Source records below:
lemma supp_in_comp_subset:
  assumes "\<And>x. isCont P x" "range P \<subseteq> V" "supp_in V f \<subseteq> U"
  shows "supp_in UNIV (f \<circ> P) \<subseteq> P -` U"
proof -
  let ?S = "closure {y\<in>V. f y \<noteq> 0}"
  have "closed (P -` ?S)" using assms(1) by (intro continuous_closed_vimage) auto
  moreover have "{x\<in>UNIV. (f \<circ> P) x \<noteq> 0} \<subseteq> P -` ?S" using assms(2) closure_subset by fastforce
  ultimately have "closure {x\<in>UNIV. (f \<circ> P) x \<noteq> 0} \<subseteq> P -` ?S" by (rule closure_minimal[rotated])
  then show ?thesis using assms(2,3) unfolding supp_in_def by blast
qed

lemma bidimension_pushforward:
  assumes bd: "bidimension J UNIV p q T" and P: "clin_projection J V P"
  shows "bidimension J V p q (pushforward P T)"
proof (rule bidimensionI)
  fix f \<pi> U assume f: "dom_ok V (p + q) f \<pi>" and U: "openin (top_of_set V) U" "supp_in V f \<subseteq> U"
    and degenerate: "holo_degenerate J V p q U \<pi>"
  have "bounded_linear P" "range P \<subseteq> V" using P unfolding clin_projection_def by auto
  then have cont: "\<And>x. isCont P x" by (simp add: linear_continuous_at)
  obtain W where W: "open W" "U = V \<inter> W" using U(1) openin_open by metis
  have "P -` U = P -` W" using W(2) \<open>range P \<subseteq> V\<close> by auto
  have "dom_ok UNIV (p + q) (f \<circ> P) (map (\<lambda>g. g \<circ> P) \<pi>)"
    using f \<open>bounded_linear P\<close> \<open>range P \<subseteq> V\<close> by (rule dom_ok_comp_bounded_linear)
  moreover have "openin (top_of_set UNIV) (P -` U)"
    using \<open>P -` U = P -` W\<close> continuous_open_vimage[OF W(1) cont] by simp
  moreover have "supp_in UNIV (f \<circ> P) \<subseteq> P -` U"
    using cont \<open>range P \<subseteq> V\<close> U(2) by (rule supp_in_comp_subset)
  moreover have "holo_degenerate J UNIV p q (P -` U) (map (\<lambda>g. g \<circ> P) \<pi>)"
    using degenerate _ holo_on_comp_clin_projection[OF _ P]
  proof (rule holo_degenerate_comp)
    show "length \<pi> = p + q" using f unfolding dom_ok_def by simp
  qed
  ultimately have "T (f \<circ> P) (map (\<lambda>g. g \<circ> P) \<pi>) = 0" by (rule bidimensionD[OF bd])
  then show "pushforward P T f \<pi> = 0" unfolding pushforward_def .
qed

section \<open>Finitely of bidimension \<open>(p, q)\<close> implies bidimension \<open>(p, q)\<close>\<close>

lemma take_append_drop_update:
  assumes "n < length \<sigma>" "length \<tau> = length \<sigma>"
  shows "(take n \<tau> @ drop n \<sigma>)[n := \<tau> ! n] = take (Suc n) \<tau> @ drop (Suc n) \<sigma>"
proof (rule nth_equalityI)
  fix i assume "i < length ((take n \<tau> @ drop n \<sigma>)[n := \<tau> ! n])"
  then show "(take n \<tau> @ drop n \<sigma>)[n := \<tau> ! n] ! i = (take (Suc n) \<tau> @ drop (Suc n) \<sigma>) ! i"
    using assms by (cases "i < n"; cases "i = n") (auto simp: nth_append nth_list_update)
qed (use assms in simp)

text \<open>Locality, iterated over the arguments one at a time via multilinearity.\<close>
lemma current_eq_if_args_eq_near_support:
  assumes mc: "metric_current k T" and f: "dom_ok UNIV k f \<sigma>"
    and \<tau>: "length \<tau> = k" "\<forall>h\<in>set \<tau>. lip_fun UNIV h"
    and W: "open W" "supp_in UNIV f \<subseteq> W" and eq: "\<And>j x. j < k \<Longrightarrow> x \<in> W \<Longrightarrow> (\<sigma> ! j) x = (\<tau> ! j) x"
  shows "T f \<sigma> = T f \<tau>"
proof -
  have \<sigma>: "length \<sigma> = k" "\<forall>h\<in>set \<sigma>. lip_fun UNIV h" using f unfolding dom_ok_def by auto
  have "T f (take n \<tau> @ drop n \<sigma>) = T f \<sigma>" if "n \<le> k" for n
    using that
  proof (induction n)
    case (Suc n)
    let ?\<rho> = "take n \<tau> @ drop n \<sigma>"
    let ?d = "\<lambda>x. (\<tau> ! n) x - (\<sigma> ! n) x"
    have n: "n < k" using Suc by simp
    have lip: "lip_fun UNIV (\<tau> ! n)" "lip_fun UNIV (\<sigma> ! n)" using \<sigma> \<tau> n by auto
    have \<rho>: "dom_ok UNIV k f ?\<rho>"
      using f \<sigma> \<tau> n unfolding dom_ok_def by (auto dest: in_set_takeD in_set_dropD)
    have "dom_ok UNIV k f (?\<rho>[n := ?d])"
      using \<rho> lip_fun_diff[OF lip] set_update_subset_insert unfolding dom_ok_def by fastforce
    then have "T f (?\<rho>[n := ?d]) = 0"
      using n eq \<sigma> \<tau> by (intro metric_current_local[OF mc _ n W, where c=0]) auto
    moreover have "T f (?\<rho>[n := ?d]) = T f (?\<rho>[n := \<tau> ! n]) - T f (?\<rho>[n := \<sigma> ! n])"
      using metric_current_diff_arg[OF mc \<rho> n lip] .
    moreover have "?\<rho> ! n = \<sigma> ! n" using \<sigma> \<tau> n by (simp add: nth_append)
    then have "?\<rho>[n := \<sigma> ! n] = ?\<rho>" by (metis list_update_id)
    ultimately show ?case
      using Suc take_append_drop_update[of n \<sigma> \<tau>] \<sigma> \<tau> n by simp
  qed simp
  from this[of k] show ?thesis using \<sigma> \<tau> by simp
qed

lemma current_diff_le_off_compact:
  assumes mc: "metric_current k T" and fr: "finite_radon_measure \<mu>" and mass: "mass_dominated k T \<mu>"
    and f: "dom_ok UNIV k f \<sigma>" and g: "blip_fun UNIV g"
    and "\<And>j. j < k \<Longrightarrow> C-lipschitz_on UNIV (\<sigma> ! j)" "0 \<le> C"
    and "compact K" "0 \<le> c\<^sub>1" "0 \<le> c\<^sub>2" "\<And>x. cmod (f x - g x) \<le> c\<^sub>1 + c\<^sub>2 * indicator (- K) x"
  shows "cmod (T f \<sigma> - T g \<sigma>) \<le> C ^ k * (c\<^sub>1 * measure \<mu> UNIV + c\<^sub>2 * measure \<mu> (- K))"
proof -
  have "blip_fun UNIV (\<lambda>x. f x - g x)" using f g blip_fun_diff unfolding dom_ok_def by blast
  then have "continuous_on UNIV (\<lambda>x. f x - g x)"
    unfolding blip_fun_iff using lipschitz_on_continuous_on by blast
  then have "(\<integral>x. cmod (f x - g x) \<partial>\<mu>) \<le> c\<^sub>1 * measure \<mu> UNIV + c\<^sub>2 * measure \<mu> (- K)"
    using assms(8-) by (intro integral_le_off_compact[OF fr])
  then show ?thesis
    using current_diff_le_mass[OF mc mass f g assms(6)] \<open>0 \<le> C\<close>
    by (meson mult_left_mono order_trans zero_le_power)
qed

lemma lipschitz_on_bounded_linear:
  assumes "bounded_linear P" "onorm P \<le> a"
  shows "a-lipschitz_on S P"
proof (rule lipschitz_onI)
  fix x y
  have "dist (P x) (P y) = norm (P (x - y))"
    using assms(1) by (simp add: dist_norm linear_diff bounded_linear.linear)
  also have "\<dots> \<le> a * dist x y"
    using onorm[OF assms(1)] assms(2) by (simp add: dist_norm) (meson mult_right_mono norm_ge_zero order_trans)
  finally show "dist (P x) (P y) \<le> a * dist x y" .
qed (use assms onorm_pos_le in fastforce)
End of Source records.
Your instructions:
In the entries, the line containing "proof (rule lipschitz_onI)" and every line after it through the last are to be duplicated exactly, and no other line is to be included.

Answer box:
proof (rule lipschitz_onI)
  fix x y
  have "dist (P x) (P y) = norm (P (x - y))"
    using assms(1) by (simp add: dist_norm linear_diff bounded_linear.linear)
  also have "\<dots> \<le> a * dist x y"
    using onorm[OF assms(1)] assms(2) by (simp add: dist_norm) (meson mult_right_mono norm_ge_zero order_trans)
  finally show "dist (P x) (P y) \<le> a * dist x y" .
qed (use assms onorm_pos_le in fastforce)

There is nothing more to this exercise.